Rien, en ses lectures ni en son mode de vie, ne justifiait cette 
persistance de l'atterrant paysage; aucun souvenir non plus ne 
commémorait le legs d'un antérieur et polaire voyage. Le président 
Lépervié, foncièrement cagnard, d'ailleurs répugnait au tracas des 
périples. Sans récurrences, la nostalgique amertume de cette vision 
semblait d'autant plus extraordinaire. 
En même temps, une mort partielle de proche en proche le rigidifiait; 
des glaçons charriaient en ses membres la paralysie; et toutefois, il 
subissait la contradiction de vivre à travers le remords de son être aboli. 
Il s'imposa successivement les reins, l'épigastre, la nuque, sans qu'un 
indice certain s'en inférât.--Non, s'avoua-t-il presque consterné, la 
souffrance ne vient pas de là. Et pourtant je suis malade. Depuis deux 
jours, tout m'affecte. Deviendrais-je hypocondre?

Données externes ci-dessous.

lemma R_linear_coef:
  assumes \<nu>: "R_linear \<nu>" and Z: "Z \<in> L" and k: "k < n"
  shows "coef (\<nu> Z) k p = (\<Sum>j<n. coef Z j p * coef (\<nu> (E j)) k p)"
proof -
  define Z' where "Z' m = comb (\<lambda>i. if i < m then coef Z i else (\<lambda>p. 0))" for m
  have Z'_vector_field: "Z' m \<in> L" for m
    unfolding Z'_def using Z by simp
  have partial: "coef (\<nu> (Z' m)) k p = (\<Sum>j<m. coef Z j p * coef (\<nu> (E j)) k p)"
    if "m \<le> n" for m
    using that
  proof (induction m)
    case 0
    have "Z' 0 = vzero"
      by (simp add: Z'_def frame_comb_def vzero_def)
    then show ?case
      using \<nu> k by (simp add: R_linear_vzero)
  next
    case (Suc m)
    then have "\<nu> (Z' (Suc m)) = vadd (\<nu> (Z' m)) (vsmul (coef Z m) (\<nu> (E m)))"
      using \<nu> Z Z'_vector_field
      by (simp add: Z'_def comb_truncate_Suc R_linear_vadd R_linear_vsmul)
    then show ?case
      using Suc \<nu> Z k Z'_vector_field by (simp add: R_linear_vector_field)
  qed
  have "Z' n = Z"
    unfolding Z'_def by (subst comb_coef[OF Z, symmetric]) (rule comb_cong, simp)
  with partial[of n] show ?thesis
    by simp
qed

lemma frame_trace_smooth:
  assumes "R_linear \<nu>"
  shows "frame_trace A E n \<nu> \<in> R"
  unfolding frame_trace_def by (intro smooth_funs_sum coef_smooth R_linear_vector_field[OF assms]) auto

lemma frame_trace_lincomb:
  assumes "f \<in> R" "g \<in> R" "R_linear \<nu>" "R_linear \<mu>"
  shows "frame_trace A E n (\<lambda>Z. vadd (vsmul f (\<nu> Z)) (vsmul g (\<mu> Z))) =
    (\<lambda>x. f x * frame_trace A E n \<nu> x + g x * frame_trace A E n \<mu> x)"
  using assms
  by (simp add: frame_trace_def R_linear_vector_field sum.distrib sum_distrib_left fun_eq_iff)

lemma frame_trace_hat_nabla:
  assumes X: "X \<in> L" and \<nu>: "R_linear \<nu>"
  shows "frame_trace A E n (hat_nabla vadd vsmul (weitz A E n) X \<nu>) = X (frame_trace A E n \<nu>)"
proof -
  have "coef (hat_nabla vadd vsmul (weitz A E n) X \<nu> (E i)) i = X (coef (\<nu> (E i)) i)" if "i < n" for i
    using that X \<nu> by (simp add: hat_nabla_def R_linear_vzero R_linear_vector_field)
  moreover have "X (\<lambda>p. \<Sum>i<n. coef (\<nu> (E i)) i p) = (\<lambda>p. \<Sum>i<n. X (coef (\<nu> (E i)) i) p)"
    using \<nu> by (intro vf_sum X) (simp add: R_linear_vector_field)
  ultimately show ?thesis
    by (simp add: frame_trace_def)
qed

lemma frame_trace_comp_commute:
  assumes \<nu>: "R_linear \<nu>" and \<mu>: "R_linear \<mu>"
  shows "frame_trace A E n (\<nu> \<circ> \<mu>) = frame_trace A E n (\<mu> \<circ> \<nu>)"
proof (intro ext)
  fix p
  have "(\<Sum>i<n. coef (\<nu> (\<mu> (E i))) i p) = (\<Sum>i<n. \<Sum>j<n. coef (\<mu> (E i)) j p * coef (\<nu> (E j)) i p)"
    using assms by (intro sum.cong refl) (simp add: R_linear_coef R_linear_vector_field)
  also have "\<dots> = (\<Sum>j<n. \<Sum>i<n. coef (\<nu> (E j)) i p * coef (\<mu> (E i)) j p)"
    by (subst sum.swap) (simp add: mult.commute)
  also have "\<dots> = (\<Sum>i<n. coef (\<mu> (\<nu> (E i))) i p)"
    using assms by (intro sum.cong refl) (simp add: R_linear_coef R_linear_vector_field)
  finally show "frame_trace A E n (\<nu> \<circ> \<mu>) p = frame_trace A E n (\<mu> \<circ> \<nu>) p"
    by (simp add: frame_trace_def)
qed

lemma tracial_frame_trace:
  "tracial R L vadd vsmul bracket (\<lambda>X \<phi>. X \<phi>) (weitz A E n) (frame_trace A E n)"
proof -
  have "R_linear \<nu>" if "\<nu> \<in> El R L vadd vsmul bracket (weitz A E n)" for \<nu>
    using connection_weitz R_linear_frame_bracket_left that by (rule El_R_linear)
  then show ?thesis
    unfolding tracial_def Let_def
    by (simp add: frame_trace_smooth frame_trace_lincomb frame_trace_hat_nabla
        frame_trace_comp_commute)
qed

end

section \<open>Parallel torsion\<close>

locale weitzenboeck_parallel_torsion = framed_manifold +
  assumes parallel_torsion:
    "X \<in> L \<Longrightarrow> Y \<in> L \<Longrightarrow> Z \<in> L \<Longrightarrow>
      X \<rhd> torsion (weitz A E n) Y Z =
      vadd (torsion (weitz A E n) (X \<rhd> Y) Z) (torsion (weitz A E n) Y (X \<rhd> Z))"
begin
(* Let $\delta\in(0,1)$ and $\lambda_0\in(0,\pi)$. Let $\{U_t,t\in\mathbb{Z}\}$ be a zero-mean weakly stationary process with spectral density $f_U$ which is continuous on $[0,\pi]$ and satisfies $\inf_{\lambda\in[0,\pi]}f_U(\lambda)>0$. Let $\{X_{t,\delta},t\in\mathbb{Z}\}$ be a zero-mean weakly stationary process with spectral density $$f_\delta(\lambda)=\frac{f_U(\lambda)}{|1-(1-\delta)e^{-i(\lambda-\lambda_0)}|^{2}\,|1-(1-\delta)e^{-i(\lambda+\lambda_0)}|^{2}},\qquad \lambda\in\mathbb{R}.$$ Let $(a_{1,\delta},a_{2,\delta})$ be the unique minimizer of $(c_1,c_2)\mapsto \mathrm{E}(X_{t,\delta}-c_1X_{t-1,\delta}-c_2X_{t-2,\delta})^2$, and when $a_{2,\delta}<0$ define $\lambda_{0,\delta}=\arccos\big(a_{1,\delta}(1-a_{2,\delta})/(-4a_{2,\delta})\big)$. Then (i) $\lim_{\delta\to0}(a_{1,\delta},a_{2,\delta})=(2\cos(\lambda_0),-1)$; (ii) $\lim_{\delta\to0}\lambda_{0,\delta}=\lambda_0$. *)

theory Defs
  imports "HOL-Probability.Probability"
begin

definition has_spectral_density :: "'a measure \<Rightarrow> (int \<Rightarrow> 'a \<Rightarrow> real) \<Rightarrow> (real \<Rightarrow> real) \<Rightarrow> bool" where
  "has_spectral_density M X f \<longleftrightarrow>
     prob_space M \<and>
     (\<forall>l\<in>{-pi..pi}. 0 \<le> f l) \<and>
     set_integrable lborel {-pi..pi} f \<and>
     (\<forall>t. X t \<in> borel_measurable M \<and> integrable M (\<lambda>\<omega>. (X t \<omega>)\<^sup>2) \<and> integral\<^sup>L M (X t) = 0) \<and>
     (\<forall>t s. complex_of_real (integral\<^sup>L M (\<lambda>\<omega>. X t \<omega> * X s \<omega>)) =
            (LINT l:{-pi..pi}|lborel. exp (\<i> * of_int (t - s) * of_real l) * of_real (f l)))"

end

theory Submission
  imports Defs
begin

Il se contraignit à un travail pénible, avança le bras pour s'emparer, 
par-dessus un amas de livres encombrant le bureau-ministre, d'une 
boîte d'allumettes suédoises. Mais, au moment d'allumer le carcel, il 
éprouva une telle lassitude de cette besogne inutile qu'il rejeta la boîte 
et se rentassa dans son fauteuil.--«Et pourtant il vaudrait mieux faire de 
la lumière, je ne verrais plus cet odieux pays de neige qui toujours 
s'interpose entre les réalités et moi.» 
À présent des titillations violentes lui gratillaient la paume des mains et 
les plantaires. Ses filandres se boulaient en une pelote que quelqu'un 
tirait avec force. Puis de longues aiguilles lui perforèrent le coeur; la 
pelote s'y dévidait par les trous, nouant cet organe essentiel comme une 
volaille percée par le coquetier; et un arrachement atroce le suppliciait, 
des doigts fouillaient les cavernes de sa poitrine, afin d'en extraire le 
coeur qui d'abord résistait. 
Il s'étonna de n'éprouver aucun désordre tandis qu'enfin ce coeur s'en 
allait. Son corps, au contraire, brusquement s'allégeait comme si la 
source de toutes afflictions, le principe de toutes adversités, l'unique 
facteur des peines sans nombre qui ravagent la race adamique, du 
même coup s'anéantissait.--«Il est donc avéré, pensa-t-il, que, le coeur 
en moins, l'humanité vivrait en paix sur le fumier de ses instincts. La 
damnation sous laquelle nous pantelons procède de son intervention 
malévole dans les choses de cette vie et de l'éternel leurre qu'il 
complote contre le parfait bonheur des certitudes.» Ce commentaire 
sembla corroboré par les subites et inexprimables délices d'une absolue 
quiétude. En cette approche de la béatitude, le souvenir d'une grande 
douleur traversée ne s'était pas effacé entièrement, mais, très lointain et 
émoussé, persistait comme un adjuvant aux blandices dans lesquelles 
son essence se volatilisait.--Oui, c'est le paradis, songea-t-il. Il n'y a 
rien au delà d'une semblable sensation. 
Cependant une créature sans visage portait son coeur dans ses mains et 
marchait à travers un pays illimité, sous la rancune plombée des cieux. 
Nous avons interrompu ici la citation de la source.